> [What is required]: Give the lines below again exactly, starting with the line that holds "section \<open>Strictly diagonally" and going on through the line that holds "i \<equiv> \<Sum>m\<in>UNIV".

> [Listed records]:
(* Consider an instance of the Nash equilibrium complementarity problem (NECP) that satisfies the dominance condition, and the corresponding instance of the tropical Nash equilibrium complementarity problem (TNECP) obtained by the logarithmic image, i.e. $M^-=\log(-M)$ and $q^+=\log q$ (entrywise, with $\log 0=-\infty$). Then the solutions of the two problems have the same supports.
   Context: NECP: given a square real matrix $M$ whose columns are nonpositive with at least one negative entry, and a vector $q$ with positive entries, find $(w,z)$ with $w=Mz+q$, $w^\top z=0$, $z\neq 0$, $w,z\geq 0$. TNECP over the max-plus semifield $\mathbb{T}=\mathbb{R}\cup\{-\infty\}$ ($\oplus=\max$, $\odot=+$): find $(w,z)\in\mathbb{T}^n\times\mathbb{T}^n$ with $w\oplus M^-\odot z=q^+$, $w^\top\odot z=-\infty$, $z\neq-\infty$. The support of a vector is the set of indices of its nonzero entries (classical) or non-$(-\infty)$ entries (tropical). Dominance condition: for a system $Ax=b$, $x\geq 0$ with $A\geq 0$ having a nonzero entry in every column and $b>0$, the normalized matrix is $(\operatorname{diag} b)^{-1}A(\operatorname{diag} u)^{-1}$ where $u_j$ is the largest entry of the $j$th column of $(\operatorname{diag} b)^{-1}A$; it is columnwise normal (entries in $[0,1]$, each column has a $1$-entry). A columnwise normal matrix with $n$ rows satisfies the dominance condition if (a) some $n\times n$ submatrix covers a permutation matrix (i.e. the difference is entrywise nonnegative), and (b) every $n\times n$ submatrix covering a permutation matrix has all row sums less than $2$. The NECP instance satisfies the dominance condition if the normalized matrix of the system $(I\ \ -M)\binom{w}{z}=q$ does. *)

theory Defs
  imports Complex_Main "HOL-Library.Extended_Real"
begin

definition col_scale :: "('m::finite \<Rightarrow> 'c \<Rightarrow> real) \<Rightarrow> ('m \<Rightarrow> real) \<Rightarrow> 'c \<Rightarrow> real" where
  "col_scale A b j = Max (range (\<lambda>i. A i j / b i))"

text \<open>Normalized matrix (diag b)^-1 A (diag u)^-1 with u_j the largest entry of column j of (diag b)^-1 A.\<close>
definition normalized_matrix :: "('m::finite \<Rightarrow> 'c \<Rightarrow> real) \<Rightarrow> ('m \<Rightarrow> real) \<Rightarrow> 'm \<Rightarrow> 'c \<Rightarrow> real" where
  "normalized_matrix A b i j = A i j / (b i * col_scale A b j)"

definition covers_permutation :: "('m::finite \<Rightarrow> 'c \<Rightarrow> real) \<Rightarrow> 'c set \<Rightarrow> bool" where
  "covers_permutation N S \<longleftrightarrow> (\<exists>\<sigma>. bij_betw \<sigma> (UNIV :: 'm set) S \<and> (\<forall>i. N i (\<sigma> i) - 1 \<ge> 0))"

definition dominance_condition :: "('m::finite \<Rightarrow> 'c::finite \<Rightarrow> real) \<Rightarrow> bool" where
  "dominance_condition (N :: 'm \<Rightarrow> 'c \<Rightarrow> real) \<longleftrightarrow>
     (\<exists>S. card S = card (UNIV :: 'm set) \<and> covers_permutation N S) \<and>
     (\<forall>S. card S = card (UNIV :: 'm set) \<and> covers_permutation N S \<longrightarrow> (\<forall>i. (\<Sum>j\<in>S. N i j) < 2))"

text \<open>System matrix (I  -M) of the NECP; columns Inl j correspond to w, Inr j to z.\<close>
definition necp_system :: "('n \<Rightarrow> 'n \<Rightarrow> real) \<Rightarrow> 'n \<Rightarrow> 'n + 'n \<Rightarrow> real" where
  "necp_system M i c = (case c of Inl j \<Rightarrow> (if i = j then 1 else 0) | Inr j \<Rightarrow> - M i j)"

definition necp_dominance :: "('n::finite \<Rightarrow> 'n \<Rightarrow> real) \<Rightarrow> ('n \<Rightarrow> real) \<Rightarrow> bool" where
  "necp_dominance M q \<longleftrightarrow> dominance_condition (normalized_matrix (necp_system M) q)"

definition necp_solution :: "('n::finite \<Rightarrow> 'n \<Rightarrow> real) \<Rightarrow> ('n \<Rightarrow> real) \<Rightarrow> ('n \<Rightarrow> real) \<Rightarrow> ('n \<Rightarrow> real) \<Rightarrow> bool" where
  "necp_solution M q w z \<longleftrightarrow>
     (\<forall>i. w i = (\<Sum>j\<in>UNIV. M i j * z j) + q i) \<and>
     (\<Sum>i\<in>UNIV. w i * z i) = 0 \<and> z \<noteq> (\<lambda>_. 0) \<and> (\<forall>i. w i \<ge> 0 \<and> z i \<ge> 0)"

text \<open>Tropical (max-plus) semifield R \<union> {-\<infinity>} represented inside ereal (excluding +\<infinity>).\<close>
definition trop_solution :: "('n::finite \<Rightarrow> 'n \<Rightarrow> ereal) \<Rightarrow> ('n \<Rightarrow> ereal) \<Rightarrow> ('n \<Rightarrow> ereal) \<Rightarrow> ('n \<Rightarrow> ereal) \<Rightarrow> bool" where
  "trop_solution Mm qp w z \<longleftrightarrow>
     (\<forall>i. w i \<noteq> \<infinity> \<and> z i \<noteq> \<infinity>) \<and>
     (\<forall>i. max (w i) (Max (range (\<lambda>j. Mm i j + z j))) = qp i) \<and>
     Max (range (\<lambda>i. w i + z i)) = - \<infinity> \<and>
     z \<noteq> (\<lambda>_. - \<infinity>)"

definition trop_log :: "real \<Rightarrow> ereal" where
  "trop_log x = (if x = 0 then - \<infinity> else ereal (ln x))"

definition supp :: "('n \<Rightarrow> real) \<Rightarrow> 'n set" where
  "supp v = {i. v i \<noteq> 0}"

definition trop_supp :: "('n \<Rightarrow> ereal) \<Rightarrow> 'n set" where
  "trop_supp v = {i. v i \<noteq> - \<infinity>}"

end

theory Submission
  imports Defs "HOL-Analysis.Analysis"
begin

text \<open>Scale the system \<open>(I -M) x = q\<close> of the NECP, \<open>x = (w, z)\<close>, to \<open>N y = 1\<close>, where the
  normalized matrix \<open>N\<close> has column maxima \<open>1\<close>. Both classically and tropically, the supports
  of the solutions \<open>x\<close> are exactly the column sets \<open>J\<close> that contain, in every row, a column
  whose normalized entry in that row is \<open>1\<close>; complementarity and \<open>z \<noteq> 0\<close> only depend on the
  supports of \<open>w\<close> and \<open>z\<close>. Tropically this is immediate from the max-plus equations.
  Classically, the dominance condition makes the \<open>1\<close> in each column unique. Choosing one \<open>1\<close>
  per row inside \<open>J\<close> then gives a strictly diagonally dominant square subsystem, which keeps
  a positive solution after the right-hand side is lowered to make room for the other columns
  of \<open>J\<close>. Conversely, if a row had no \<open>1\<close> on the support of a solution, that row of \<open>N y\<close>
  would be bounded by the weight of a partial matching of \<open>1\<close>s, which dominance keeps
  below \<open>1\<close>.\<close>

definition mat_vec :: "('m \<Rightarrow> 'c::finite \<Rightarrow> real) \<Rightarrow> ('c \<Rightarrow> real) \<Rightarrow> 'm \<Rightarrow> real" where
  "mat_vec A x i = (\<Sum>c\<in>UNIV. A i c * x c)"

lemma finite_ex_arg_max_on:
  fixes f :: "'a \<Rightarrow> 'b::linorder"
  assumes "finite S" and "S \<noteq> {}"
  shows "\<exists>x\<in>S. \<forall>y\<in>S. f y \<le> f x"
proof -
  have "Max (f ` S) \<in> f ` S"
    using assms by simp
  then show ?thesis
    using Max_ge[of "f ` S"] assms by fastforce
qed


section \<open>Strictly diagonally dominant systems\<close>

locale diag_dominant =
  fixes P :: "'n::finite \<Rightarrow> 'n \<Rightarrow> real"
  assumes nonneg: "0 \<le> P i m"
    and diag: "P i i = 1"
    and off_diag_sum_lt_1: "(\<Sum>m\<in>UNIV - {i}. P i m) < 1"
begin

abbreviation off_diag_sum :: "'n \<Rightarrow> real" where
  "off_diag_sum i \<equiv> \<Sum>m\<in>UNIV - {i}. P i m"

lemma mat_vec_split_diag: "mat_vec P y i = y i + (\<Sum>m\<in>UNIV - {i}. P i m * y m)"
  by (simp add: mat_vec_def sum.remove[of UNIV i] diag)

lemma off_diag_sum_nonneg: "0 \<le> off_diag_sum i"
  by (simp add: nonneg sum_nonneg)

lemma kernel_trivial:
  assumes "\<forall>i. mat_vec P d i = 0"
  shows "d = (\<lambda>_. 0)"
proof -
  obtain p where p: "\<And>m. \<bar>d m\<bar> \<le> \<bar>d p\<bar>"
    using finite_ex_arg_max_on[of UNIV "\<lambda>m. \<bar>d m\<bar>"] by auto
  have "\<bar>d p\<bar> = \<bar>\<Sum>m\<in>UNIV - {p}. P p m * d m\<bar>"
    using assms mat_vec_split_diag[of d p] by (simp add: eq_neg_iff_add_eq_0)
  also have "\<dots> \<le> (\<Sum>m\<in>UNIV - {p}. P p m * \<bar>d p\<bar>)"
    by (rule order_trans[OF sum_abs sum_mono]) (simp add: abs_mult nonneg mult_left_mono p)
  also have "\<dots> = off_diag_sum p * \<bar>d p\<bar>"
    by (simp add: sum_distrib_right)
  finally have "\<bar>d p\<bar> = 0"
    using off_diag_sum_lt_1[of p] by (smt (verit) mult_less_cancel_right2)
  then show ?thesis
    using p by (metis abs_le_zero_iff)
qed

lemma solvable: "\<exists>y. \<forall>i. mat_vec P y i = b i"
proof -
  define f where "f = (\<lambda>v::real^'n. \<chi> i. mat_vec P (($) v) i)"
  have "linear f"
    unfolding f_def mat_vec_def
    by (rule linearI) (simp_all add: vec_eq_iff algebra_simps sum.distrib sum_distrib_left)
  moreover have "inj f"
  proof (rule linear_injective_0[OF \<open>linear f\<close>, THEN iffD2], intro allI impI)
    fix v assume "f v = 0"
    then have "($) v = (\<lambda>_. 0)"
      by (intro kernel_trivial) (simp add: f_def vec_eq_iff)
    then show "v = 0"
      by (simp add: vec_eq_iff fun_eq_iff)
  qed
  ultimately obtain v where "f v = (\<chi> i. b i)"
    by (metis linear_injective_imp_surjective surjE)
  then show ?thesis
    by (auto simp: f_def vec_eq_iff)
qed

text \<open>If the minimum \<open>y p\<close> were \<open>\<le> 0\<close>, the row of the maximum \<open>y q\<close> gives \<open>y q \<le> 1 - s\<^sub>q y p\<close>,
  and then the row of \<open>p\<close> gives \<open>y p \<ge> b p - s\<^sub>p + s\<^sub>p s\<^sub>q y p \<ge> b p - s\<^sub>p + y p\<close>,
  where \<open>s\<close> denotes the off-diagonal row sums.\<close>
lemma solution_pos:
  assumes b: "\<forall>i. off_diag_sum i < b i \<and> b i \<le> 1"
    and sol: "\<forall>i. mat_vec P y i = b i"
  shows "0 < y m"
proof -
  obtain p where p: "\<And>m. y p \<le> y m"
    using finite_ex_arg_max_on[of UNIV "\<lambda>m. - y m"] by auto
  obtain q where q: "\<And>m. y m \<le> y q"
    using finite_ex_arg_max_on[of UNIV y] by auto
  have row: "y i = b i - (\<Sum>m\<in>UNIV - {i}. P i m * y m)" for i
    using sol mat_vec_split_diag[of y i] by simp
  have "0 < y p"
  proof (rule ccontr)
    assume "\<not> 0 < y p"
    have "off_diag_sum q * y p \<le> (\<Sum>m\<in>UNIV - {q}. P q m * y m)"
      unfolding sum_distrib_right by (rule sum_mono) (simp add: nonneg mult_left_mono p)
    then have yq: "max (y q) 0 \<le> 1 - off_diag_sum q * y p"
      using row[of q] b \<open>\<not> 0 < y p\<close> off_diag_sum_nonneg[of q]
      by (smt (verit) mult_nonneg_nonpos)
    have "(\<Sum>m\<in>UNIV - {p}. P p m * y m) \<le> off_diag_sum p * max (y q) 0"
      unfolding sum_distrib_right by (rule sum_mono) (simp add: nonneg mult_left_mono q le_max_iff_disj)
    also have "\<dots> \<le> off_diag_sum p * (1 - off_diag_sum q * y p)"
      using yq off_diag_sum_nonneg by (simp add: mult_left_mono)
    also have "\<dots> = off_diag_sum p - (off_diag_sum p * off_diag_sum q) * y p"
      by (simp add: algebra_simps)
    finally have "y p \<ge> b p - off_diag_sum p + (off_diag_sum p * off_diag_sum q) * y p"
      using row[of p] by linarith
    moreover have "off_diag_sum p * off_diag_sum q \<le> 1"
      using off_diag_sum_lt_1 off_diag_sum_nonneg by (simp add: mult_le_one less_imp_le)
    then have "y p \<le> (off_diag_sum p * off_diag_sum q) * y p"
      using mult_right_mono_neg[of _ 1 "y p"] \<open>\<not> 0 < y p\<close> by simp
    ultimately show False
      using b[rule_format, of p] by linarith
  qed
  then show ?thesis
    using p by (meson less_le_trans)
qed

> [Written response]:
section \<open>Strictly diagonally dominant systems\<close>

locale diag_dominant =
  fixes P :: "'n::finite \<Rightarrow> 'n \<Rightarrow> real"
  assumes nonneg: "0 \<le> P i m"
    and diag: "P i i = 1"
    and off_diag_sum_lt_1: "(\<Sum>m\<in>UNIV - {i}. P i m) < 1"
begin

abbreviation off_diag_sum :: "'n \<Rightarrow> real" where
  "off_diag_sum i \<equiv> \<Sum>m\<in>UNIV - {i}. P i m"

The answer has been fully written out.